Nowhere is this more evident than in the short parable he told at the conclusion of his Sermon on the Mount: “Therefore everyone who hears these words of mine and puts them into practice is like a wise man who built his house on the rock. The rain came down, the streams rose, and the winds blew and beat against that house; yet it did not fall, because it had its foundation on the rock. But everyone who hears these words of mine and does not put them into practice is like a foolish man who built his house on sand. The rain came down, the streams rose, and the winds blew and beat against that house, and it fell with a great crash” (Matt. 7:24 – 27).

We used to sing a song about this in Sunday school that involved a lot of cool motions that showed exactly how the rains came down and the floods came up, how the wise man’s house stood firm, and how the foolish man’s house went splat! Through the years, I heard about how the story represents the importance of building my house on the solid rock of a biblical worldview, about how the best way to protect my faith against the winds and rain of doubt is to build it with the concrete of absolute truth, the joists of inerrant Scripture, and the bearing walls of sound Christian doctrine. And yet, in the words of Jesus, all those apologetics courses and theology books and debating techniques are just castles in the sand without a commitment to love my neighbor as myself.
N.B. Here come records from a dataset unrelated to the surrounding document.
fun path_rev :: "entry list \<Rightarrow> formula list" where
  "path_rev [] = []"
| "path_rev (EBind y S # \<Gamma>) = path_rev \<Gamma>"
| "path_rev (EPath \<phi> # \<Gamma>) = \<phi> # path_rev \<Gamma>"

definition pi_env :: "env \<Rightarrow> formula" where
  "pi_env \<Gamma> = fconj (rev (path_rev (rev \<Gamma>)))"

fun bnd_rev :: "fvar set \<Rightarrow> entry list \<Rightarrow> formula" where
  "bnd_rev v [] = FBool True"
| "bnd_rev v (EPath \<phi> # \<Gamma>) = bnd_rev v \<Gamma>"
| "bnd_rev v (EBind x (as, T) # \<Gamma>) =
     (case T of
        Scalar B \<psi> \<Rightarrow>
          (if as = [] \<and> V x \<in> v
           then FAnd (subst_nu x \<psi>) (bnd_rev (v - {V x} \<union> fv \<psi>) \<Gamma>)
           else bnd_rev v \<Gamma>)
      | _ \<Rightarrow> bnd_rev v \<Gamma>)"

definition bnd :: "fvar set \<Rightarrow> env \<Rightarrow> formula" where
  "bnd v \<Gamma> = bnd_rev v (rev \<Gamma>)"

definition assumptions :: "env \<Rightarrow> formula \<Rightarrow> formula" where
  "assumptions \<Gamma> \<psi> = FAnd (pi_env \<Gamma>) (bnd (fv (pi_env \<Gamma>) \<union> fv \<psi>) \<Gamma>)"

inductive subtype :: "env \<Rightarrow> ty \<Rightarrow> ty \<Rightarrow> bool"
  and subbase :: "env \<Rightarrow> base \<Rightarrow> base \<Rightarrow> bool" where
  sub_scalar: "subbase \<Gamma> B B' \<Longrightarrow>
     valid (FImp (FAnd (assumptions \<Gamma> (FImp \<psi> \<psi>')) \<psi>) \<psi>') \<Longrightarrow>
     subtype \<Gamma> (Scalar B \<psi>) (Scalar B' \<psi>')"
| sub_arr: "subtype \<Gamma> Ty Tx \<Longrightarrow>
     subtype (env_ext \<Gamma> [(y, Ty)]) (rename_ty y x T) T' \<Longrightarrow>
     subtype \<Gamma> (Arr x Tx T) (Arr y Ty T')"
| sub_bot: "subtype \<Gamma> Bot T"
| sub_top: "subtype \<Gamma> T Top"
| subb_data: "list_all2 (subtype \<Gamma>) Ts Ts' \<Longrightarrow> subbase \<Gamma> (BData d Ts) (BData d Ts')"
| subb_refl: "subbase \<Gamma> B B"

datatype qvar = QVar fvar | Star nat

type_synonym qualifier = "qvar fml"

definition qinst :: "(nat \<Rightarrow> fvar) \<Rightarrow> qualifier \<Rightarrow> formula" where
  "qinst s q = map_fml (\<lambda>w. case w of QVar v \<Rightarrow> v | Star n \<Rightarrow> s n) q"

definition liquid_fml :: "qualifier set \<Rightarrow> fvar set \<Rightarrow> formula \<Rightarrow> bool" where
  "liquid_fml Q S \<psi> \<longleftrightarrow>
     (\<exists>qs. (\<forall>\<phi>\<in>set qs. fv \<phi> \<subseteq> S \<and> (\<exists>q\<in>Q. \<exists>s. \<phi> = qinst s q)) \<and> \<psi> = fconj qs)"

primrec liquid_ty :: "qualifier set \<Rightarrow> fvar set \<Rightarrow> ty \<Rightarrow> bool"
  and liquid_base :: "qualifier set \<Rightarrow> fvar set \<Rightarrow> base \<Rightarrow> bool" where
  "liquid_ty Q S (Scalar B \<psi>) = (liquid_base Q S B \<and> liquid_fml Q (insert Nu S) \<psi>)"
| "liquid_ty Q S (Arr x T1 T2) =
     (liquid_ty Q S T1 \<and> liquid_ty Q (if is_scalar T1 then insert (V x) S else S) T2)"
| "liquid_ty Q S Top = True"
| "liquid_ty Q S Bot = True"
| "liquid_base Q S BBool = True"
| "liquid_base Q S BInt = True"
| "liquid_base Q S (BData d Ts) = list_all (liquid_ty Q S) Ts"
| "liquid_base Q S (BTVar a) = True"

definition scalar_vars :: "env \<Rightarrow> fvar set" where
  "scalar_vars \<Gamma> = {V x | x B \<psi>. lookup \<Gamma> x = Some ([], Scalar B \<psi>)}"

definition liquid_in :: "qualifier set \<Rightarrow> env \<Rightarrow> ty \<Rightarrow> bool" where
  "liquid_in Q \<Gamma> T \<longleftrightarrow> liquid_ty Q (scalar_vars \<Gamma>) T"

datatype tm =
    Var string
  | App tm tm
  | Lam string tm
  | Fix string tm
  | Ite tm tm tm
  | Match tm "(string \<times> string list \<times> tm) list"

primrec is_fterm :: "tm \<Rightarrow> bool" where
  "is_fterm (Var x) = False"
| "is_fterm (App a b) = False"
| "is_fterm (Lam x t) = True"
| "is_fterm (Fix x t) = True"
| "is_fterm (Ite a b c) = False"
| "is_fterm (Match t cs) = False"

inductive is_eterm :: "tm \<Rightarrow> bool" where
  "is_eterm (Var x)"
| "is_eterm e1 \<Longrightarrow> is_eterm e2 \<Longrightarrow> is_eterm (App e1 e2)"
| "is_eterm e \<Longrightarrow> is_fterm f \<Longrightarrow> is_eterm (App e f)"

text \<open>The round-trip checking judgment for function terms is not specified in the
  context; it is a parameter chk (chk Gamma f T means Gamma |-_Q f \<down> T).\<close>
inductive rtrip :: "(env \<Rightarrow> tm \<Rightarrow> ty \<Rightarrow> bool) \<Rightarrow> qualifier set \<Rightarrow> env \<Rightarrow> tm \<Rightarrow> ty
                     \<Rightarrow> ctx \<Rightarrow> ty \<Rightarrow> bool"
  for chk :: "env \<Rightarrow> tm \<Rightarrow> ty \<Rightarrow> bool" and Q :: "qualifier set" where
  VarSc: "lookup \<Gamma> x = Some ([], Scalar B \<psi>) \<Longrightarrow>
     subtype \<Gamma> (Scalar B \<psi>) T \<Longrightarrow>
     rtrip chk Q \<Gamma> (Var x) T [] (Scalar B (FEq (FVar Nu) (FVar (V x))))"
| VarAll: "lookup \<Gamma> x = Some (as, T') \<Longrightarrow> length Ts = length as \<Longrightarrow>
     (\<forall>Ti\<in>set Ts. liquid_in Q \<Gamma> Ti) \<Longrightarrow>
     subtype \<Gamma> (inst_schema as Ts T') T \<Longrightarrow>
     rtrip chk Q \<Gamma> (Var x) T [] (inst_schema as Ts T')"
| AppFO: "y \<notin> fv_ty T \<Longrightarrow>
     rtrip chk Q \<Gamma> e1 (Arr y (Scalar B (FBool False)) T) C1 (Arr x (Scalar B \<psi>) T') \<Longrightarrow>
     rtrip chk Q (env_ext \<Gamma> C1) e2 (Scalar B \<psi>) C2 Tx \<Longrightarrow>
     subtype (env_ext \<Gamma> (C1 @ C2 @ [(x, Tx)])) T' T \<Longrightarrow>
     rtrip chk Q \<Gamma> (App e1 e2) T (C1 @ C2 @ [(x, Tx)]) T'"
| AppHO: "y \<notin> fv_ty T \<Longrightarrow> x \<notin> fv_ty T' \<Longrightarrow> is_fterm f \<Longrightarrow>
     rtrip chk Q \<Gamma> e (Arr y Bot T) C (Arr x Tx T') \<Longrightarrow>
     chk (env_ext \<Gamma> C) f Tx \<Longrightarrow>
     rtrip chk Q \<Gamma> (App e f) T C T'"

primrec entry_fv :: "entry \<Rightarrow> string set" where
  "entry_fv (EBind x S) = fv_ty (snd S)"
| "entry_fv (EPath \<phi>) = {x. V x \<in> fv \<phi>}"

fun bound_names :: "env \<Rightarrow> string list" where
  "bound_names [] = []"
| "bound_names (EBind x S # \<Gamma>) = x # bound_names \<Gamma>"
| "bound_names (EPath \<phi> # \<Gamma>) = bound_names \<Gamma>"

definition wf_env :: "env \<Rightarrow> bool" where
  "wf_env \<Gamma> \<longleftrightarrow> distinct (bound_names \<Gamma>) \<and>
     (\<forall>i < length \<Gamma>. entry_fv (\<Gamma> ! i) \<subseteq> set (bound_names (take i \<Gamma>)))"

end

theory Submission
  imports Defs
begin

text \<open>The rules VarAll and AppFO conclude with exactly the
  required subtyping as a premise. For VarSc, the singleton type of x is below the declared
  type of x, because the assumptions about x pull in its refinement, and with the value
  variable equal to x that refinement is the refinement of the declared type. For AppHO,
  inverting the arrow subtyping against the shape bot \<rightarrow> T leaves a binding y:bot in the
  context; being non-scalar it contributes nothing to the assumptions and can be dropped, and
  the renaming of the result type is void because x is fresh in it.\<close>

lemma truth_VBool [simp]: "truth (VBool b) \<longleftrightarrow> b"
  by (simp add: truth_def)

lemma feval_map_fml: "feval I \<sigma> (map_fml f \<phi>) = feval I (\<sigma> \<circ> f) \<phi>"
  by (induct \<phi>) (auto cong: map_cong)

lemma truth_feval_subst_nu:
  "truth (feval I \<sigma> (subst_nu x \<psi>)) \<longleftrightarrow> truth (feval I (\<sigma>(Nu := \<sigma> (V x))) \<psi>)"
proof -
  have "\<sigma> \<circ> (\<lambda>v. if v = Nu then V x else v) = \<sigma>(Nu := \<sigma> (V x))"
    by auto
  then show ?thesis
    by (simp add: subst_nu_def feval_map_fml)
qed

lemma bound_names_append: "bound_names (xs @ ys) = bound_names xs @ bound_names ys"
  by (induct xs rule: bound_names.induct) auto

lemma set_bound_names_rev: "set (bound_names (rev xs)) = set (bound_names xs)"
  by (induct xs rule: bound_names.induct) (auto simp: bound_names_append)

lemma truth_bnd_rev_Un:
  "truth (feval I \<sigma> (bnd_rev (v \<union> w) R)) \<longleftrightarrow>
   truth (feval I \<sigma> (bnd_rev v R)) \<and> truth (feval I \<sigma> (bnd_rev w R))"
proof (induct R arbitrary: v w)
  case Nil
  then show ?case by simp
next
  case (Cons e R)
  show ?case
  proof (cases e)
    case (EPath \<phi>)
    then show ?thesis using Cons by simp
  next
    case (EBind x S)
    obtain as T where S: "S = (as, T)" by (cases S)
    show ?thesis
    proof (cases T)
      case (Scalar B \<psi>)
      have "(v \<union> w) - {V x} \<union> fv \<psi> = (v - {V x} \<union> fv \<psi>) \<union> (w - {V x} \<union> fv \<psi>)"
        and "V x \<notin> w \<Longrightarrow> (v \<union> w) - {V x} \<union> fv \<psi> = (v - {V x} \<union> fv \<psi>) \<union> w"
        and "V x \<notin> v \<Longrightarrow> (v \<union> w) - {V x} \<union> fv \<psi> = v \<union> (w - {V x} \<union> fv \<psi>)"
        by auto
      then show ?thesis using Cons unfolding EBind S Scalar
        by (cases "as = []") auto
    qed (use Cons EBind S in simp_all)
  qed
qed

lemma bnd_rev_append_fresh:
  assumes "\<forall>z\<in>set (bound_names R1). V z \<notin> v"
  shows "bnd_rev v (R1 @ R2) = bnd_rev v R2"
  using assms
proof (induct R1 arbitrary: v)
  case (Cons e R)
  show ?case
  proof (cases e)
    case (EBind x S)
    obtain as T where S: "S = (as, T)" by (cases S)
    show ?thesis using Cons unfolding EBind S by (cases T) auto
  qed (use Cons in simp)
qed simp

lemma lookup_SomeD:
  assumes "lookup \<Gamma> x = Some S"
  obtains \<Gamma>1 \<Gamma>2 where "\<Gamma> = \<Gamma>1 @ EBind x S # \<Gamma>2" and "x \<notin> set (bound_names \<Gamma>2)"
proof -
  have "lookup_rev R x = Some S \<Longrightarrow> \<exists>R1 R2. R = R1 @ EBind x S # R2 \<and> x \<notin> set (bound_names R1)"
    for R
  proof (induct R x rule: lookup_rev.induct)
    case (2 y S' R x)
    show ?case
    proof (cases "x = y")
      case True
      then show ?thesis using 2 by (intro exI[of _ "[]"] exI[of _ R]) auto
    next
      case False
      then obtain R1 R2 where "R = R1 @ EBind x S # R2" "x \<notin> set (bound_names R1)"
        using 2 by auto
      then show ?thesis using False by (intro exI[of _ "EBind y S' # R1"] exI[of _ R2]) auto
    qed
  next
    case (3 \<phi> R x)
    then obtain R1 R2 where "R = R1 @ EBind x S # R2" "x \<notin> set (bound_names R1)"
      by auto
    then show ?case by (intro exI[of _ "EPath \<phi> # R1"] exI[of _ R2]) auto
  qed simp
  then obtain R1 R2 where R: "rev \<Gamma> = R1 @ EBind x S # R2" "x \<notin> set (bound_names R1)"
    using assms unfolding lookup_def by blast
  have "\<Gamma> = rev R2 @ EBind x S # rev R1"
    using arg_cong[OF R(1), of rev] by simp
  then show thesis
    by (rule that) (use R(2) in \<open>simp add: set_bound_names_rev\<close>)
qed

lemma wf_env_entry_fv:
  assumes "wf_env (\<Gamma>1 @ e # \<Gamma>2)"
  shows "entry_fv e \<subseteq> set (bound_names \<Gamma>1)"
  using assms unfolding wf_env_def
  by (auto dest!: spec[of _ "length \<Gamma>1"] simp: nth_append)

lemma bnd_lookup_scalar:
  assumes wf: "wf_env \<Gamma>" and lk: "lookup \<Gamma> x = Some ([], Scalar B \<psi>)"
  shows "bnd {V x} \<Gamma> = FAnd (subst_nu x \<psi>) (bnd (fv \<psi>) \<Gamma>)"
proof -
  obtain \<Gamma>1 \<Gamma>2 where \<Gamma>: "\<Gamma> = \<Gamma>1 @ EBind x ([], Scalar B \<psi>) # \<Gamma>2"
    and x\<Gamma>2: "x \<notin> set (bound_names \<Gamma>2)"
    using lk by (rule lookup_SomeD)
  have fv\<psi>: "{z. V z \<in> fv \<psi>} \<subseteq> set (bound_names \<Gamma>1)"
    using wf_env_entry_fv[of \<Gamma>1 "EBind x ([], Scalar B \<psi>)" \<Gamma>2] wf \<Gamma> by simp
  have "distinct (bound_names \<Gamma>1 @ x # bound_names \<Gamma>2)"
    using wf \<Gamma> by (simp add: wf_env_def bound_names_append)
  then have fresh: "\<forall>z\<in>set (bound_names (rev \<Gamma>2 @ [EBind x ([], Scalar B \<psi>)])). V z \<notin> fv \<psi>"
    using fv\<psi> by (auto simp: bound_names_append set_bound_names_rev)
  have rev\<Gamma>: "rev \<Gamma> = rev \<Gamma>2 @ EBind x ([], Scalar B \<psi>) # rev \<Gamma>1"
    using \<Gamma> by simp
  have "bnd {V x} \<Gamma> = FAnd (subst_nu x \<psi>) (bnd_rev (fv \<psi>) (rev \<Gamma>1))"
    unfolding bnd_def rev\<Gamma>
    using x\<Gamma>2 by (subst bnd_rev_append_fresh) (auto simp: set_bound_names_rev)
  also have "bnd_rev (fv \<psi>) (rev \<Gamma>1) = bnd (fv \<psi>) \<Gamma>"
    unfolding bnd_def rev\<Gamma> using bnd_rev_append_fresh[OF fresh, of "rev \<Gamma>1"] by simp
  finally show ?thesis .
qed

lemma path_rev_drop_bind: "path_rev (R1 @ EBind y S # R2) = path_rev (R1 @ R2)"
  by (induct R1 rule: path_rev.induct) auto

lemma bnd_rev_drop_nonscalar:
  assumes "\<not> is_scalar T"
  shows "bnd_rev v (R1 @ EBind y (as, T) # R2) = bnd_rev v (R1 @ R2)"
proof (induct R1 arbitrary: v)
  case Nil
  then show ?case using assms by (cases T) simp_all
next
  case (Cons e R)
  show ?case
  proof (cases e)
    case (EBind x S)
    obtain as' T' where S: "S = (as', T')" by (cases S)
    show ?thesis using Cons unfolding EBind S by (cases T') auto
  qed (use Cons in simp)
qed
I began to wonder if obedience — with or without answers — was the only thing that could save me from this storm.

Needless to say, that was a strange summer. It wasn’t the summer that brought an end to my doubt, but it was the summer I encountered a different Jesus, a Jesus who requires more from me than intellectual assent and emotional allegiance; a Jesus who associated with sinners and infuriated the religious; a Jesus who broke the rules and refused to cast the first stone; a Jesus who gravitated toward sick people and crazy people, homeless people and hopeless people; a Jesus who preferred story to exposition and metaphor to syllogism; a Jesus who answered questions with more questions, and demands for proof with demands for faith; a Jesus who taught his followers to give without expecting anything in return, to love their enemies to the point of death, to live simply and without a lot of stuff, and to say what they mean and mean what they say; a Jesus who healed each person differently and saved each person differently; a Jesus who had no list of beliefs to check off, no doctrinal statement to sign, no surefire way to tell who was “in” and who was “out”; a Jesus who loved after being betrayed, healed after being hurt, and forgave while being nailed to a tree; a Jesus who asked his disciples to do the same.
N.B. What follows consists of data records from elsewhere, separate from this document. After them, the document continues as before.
lemma Q_br_p_p_swap:
  assumes y: "y \<in> p" and z: "z \<in> p" and h: "h \<in> k"
  shows "Q (br y z) h = Q (br y h) z"
proof -
  have "Q (br y z) h = - B (br y z) h" using Q_kk[OF br_p_p[OF y z] h] .
  also have "B (br y z) h = - B (br y h) z" using B_invariant[of y z h] B_sym[of z "br y h"] by simp
  also have "B (br y h) z = Q (br y h) z" using Q_pp[OF br_p_k[OF y h] z] by simp
  finally show ?thesis by simp
qed

end

section \<open>The ideals of k and adapted bases\<close>

locale cartan_ideals = cartan br k for br :: "'a::euclidean_space \<Rightarrow> 'a \<Rightarrow> 'a" and k +
  fixes K :: "nat \<Rightarrow> 'a set" and r s :: nat
  assumes simple_ideals: "\<forall>i\<in>{1..r}. ideal_of br (derived br k) (K i) \<and> simple_sub br (K i)"
    and all_simple_ideals: "\<forall>I. ideal_of br (derived br k) I \<and> simple_sub br I \<longrightarrow> (\<exists>i\<in>{1..r}. I = K i)"
    and distinct: "inj_on K {1..r}"
    and s_def: "s = (if centre br k = {0} then 0 else 1)"
    and centre_K: "s = 1 \<longrightarrow> K (r + 1) = centre br k"
begin

abbreviation "d \<equiv> derived br k"
abbreviation "z \<equiv> centre br k"
abbreviation "J \<equiv> span (\<Union>i\<in>{1..r}. K i)"
abbreviation "N \<equiv> {1..r+s}"
abbreviation "I0 \<equiv> {0..r+s}"

lemma d_subspace: "subspace d" unfolding derived_def by simp
lemma d_sub_k: "d \<subseteq> k" unfolding derived_def by (rule span_minimal) (use br_k_k k_subspace in auto)
lemma br_k_k_in_d: "x \<in> k \<Longrightarrow> y \<in> k \<Longrightarrow> br x y \<in> d" unfolding derived_def by (auto intro: span_base)

lemma K_ideal: assumes "i \<in> {1..r}"
  shows "subspace (K i)" "K i \<subseteq> d" "\<And>x y. x \<in> d \<Longrightarrow> y \<in> K i \<Longrightarrow> br x y \<in> K i" "simple_sub br (K i)"
  using simple_ideals assms unfolding ideal_of_def by auto

lemma K_sub_k: "i \<in> {1..r} \<Longrightarrow> K i \<subseteq> k" using K_ideal(2) d_sub_k by blast

lemma centre_k: "subspace z" "z \<subseteq> k" "\<And>x y. x \<in> z \<Longrightarrow> y \<in> k \<Longrightarrow> br x y = 0"
proof -
  show "subspace z" unfolding subspace_def centre_def using k_subspace
    by (auto simp: subspace_0 subspace_add subspace_scale br_addl[OF lie] br_scalel[OF lie] br_0l[OF lie])
  show "z \<subseteq> k" unfolding centre_def by auto
  show "\<And>x y. x \<in> z \<Longrightarrow> y \<in> k \<Longrightarrow> br x y = 0" unfolding centre_def by auto
qed

lemma B_linear: "linear (B x)"
  using B_bilinear unfolding bilinear_def by simp

lemma B_centre_derived: assumes "x \<in> z" "y \<in> d" shows "B x y = 0"
proof -
  have "B x w = 0" if hw: "w \<in> {br a b |a b. a \<in> k \<and> b \<in> k}" for w
  proof -
    obtain a b where w: "w = br a b" "a \<in> k" "b \<in> k" using hw by blast
    have "br a x = 0" using centre_k(3)[OF assms(1) w(2)] br_antisym[OF lie, of a x] by simp
    then show ?thesis using B_invariant[of a x b] w by (simp add: bilinear_lzero[OF B_bilinear])
  qed
  then show ?thesis using real_vector.linear_eq_0_on_span[OF B_linear] assms(2) unfolding derived_def by blast
qed

lemma K_perfect: assumes i: "i \<in> {1..r}"
  shows "K i \<subseteq> span {br a b |a b. a \<in> K i \<and> b \<in> K i}"
proof -
  let ?D = "span {br a b |a b. a \<in> K i \<and> b \<in> K i}"
  have brK: "a \<in> K i \<Longrightarrow> b \<in> K i \<Longrightarrow> br a b \<in> K i" for a b using K_ideal[OF i] by blast
  have DK: "?D \<subseteq> K i" by (rule span_minimal) (use brK K_ideal(1)[OF i] in auto)
  have "ideal_of br (K i) ?D" unfolding ideal_of_def using DK
    by (auto intro!: span_base)
  moreover have "?D \<noteq> {0}"
  proof -
    obtain a b where "a \<in> K i" "b \<in> K i" "br a b \<noteq> 0" using K_ideal(4)[OF i] unfolding simple_sub_def by blast
    then show ?thesis by (metis (mono_tags, lifting) mem_Collect_eq singletonD span_base)
  qed
  ultimately have "?D = K i" using K_ideal(4)[OF i] unfolding simple_sub_def by blast
  then show ?thesis by simp
qed

lemma K_inter_K: assumes "i \<in> {1..r}" "j \<in> {1..r}" "i \<noteq> j" shows "K i \<inter> K j = {0}"
proof -
  have I: "ideal_of br (K i) (K i \<inter> K j)" "ideal_of br (K j) (K i \<inter> K j)"
    unfolding ideal_of_def using K_ideal[OF assms(1)] K_ideal[OF assms(2)]
    by (auto simp: subspace_inter)
  have a: "K i \<inter> K j = {0} \<or> K i \<inter> K j = K i" using I(1) K_ideal(4)[OF assms(1)] unfolding simple_sub_def by blast
  have b: "K i \<inter> K j = {0} \<or> K i \<inter> K j = K j" using I(2) K_ideal(4)[OF assms(2)] unfolding simple_sub_def by blast
  have "K i \<noteq> K j" using distinct assms unfolding inj_on_def by blast
  then show ?thesis using a b by blast
qed

lemma br_simple_K_other: assumes "i \<in> {1..r}" "j \<in> {1..r}" "i \<noteq> j" "x \<in> K i" "y \<in> K j"
  shows "br x y = 0"
proof -
  have "br x y \<in> K j" using K_ideal[OF assms(2)] K_ideal[OF assms(1)] assms(4,5) by blast
  moreover have "br y x \<in> K i" using K_ideal[OF assms(2)] K_ideal[OF assms(1)] assms(4,5) by blast
  then have "br x y \<in> K i" using br_antisym[OF lie, of x y] K_ideal(1)[OF assms(1)] by (simp add: subspace_neg)
  ultimately show ?thesis using K_inter_K[OF assms(1-3)] by blast
qed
We all go to the Bible looking for something: sometimes it’s comfort in the midst of sorrow; sometimes it’s confirmation of what we already believe; sometimes it’s facts to add wrinkles to our brains. I went to the Gospels looking for hope for Zarmina and answers to my questions about God. What I found was hope for Zarmina and about a million more questions about God. It occurred to me that if my faith managed to survive all of these doubts, then this radical rabbi, this God in sandals, would require more from me than ever before. This radical Jesus wanted to live not only in my heart and in my head but also in my hands, as I fed the hungry, reached out to my enemies, healed the sick, and comforted the lonely. Being a Christian, it seemed, isn’t about agreeing to a certain way; it is about embodying a certain way. It is about living as an incarnation of Jesus, as Jesus lived as an incarnation of God. It is about being Jesus . . . in tennis shoes.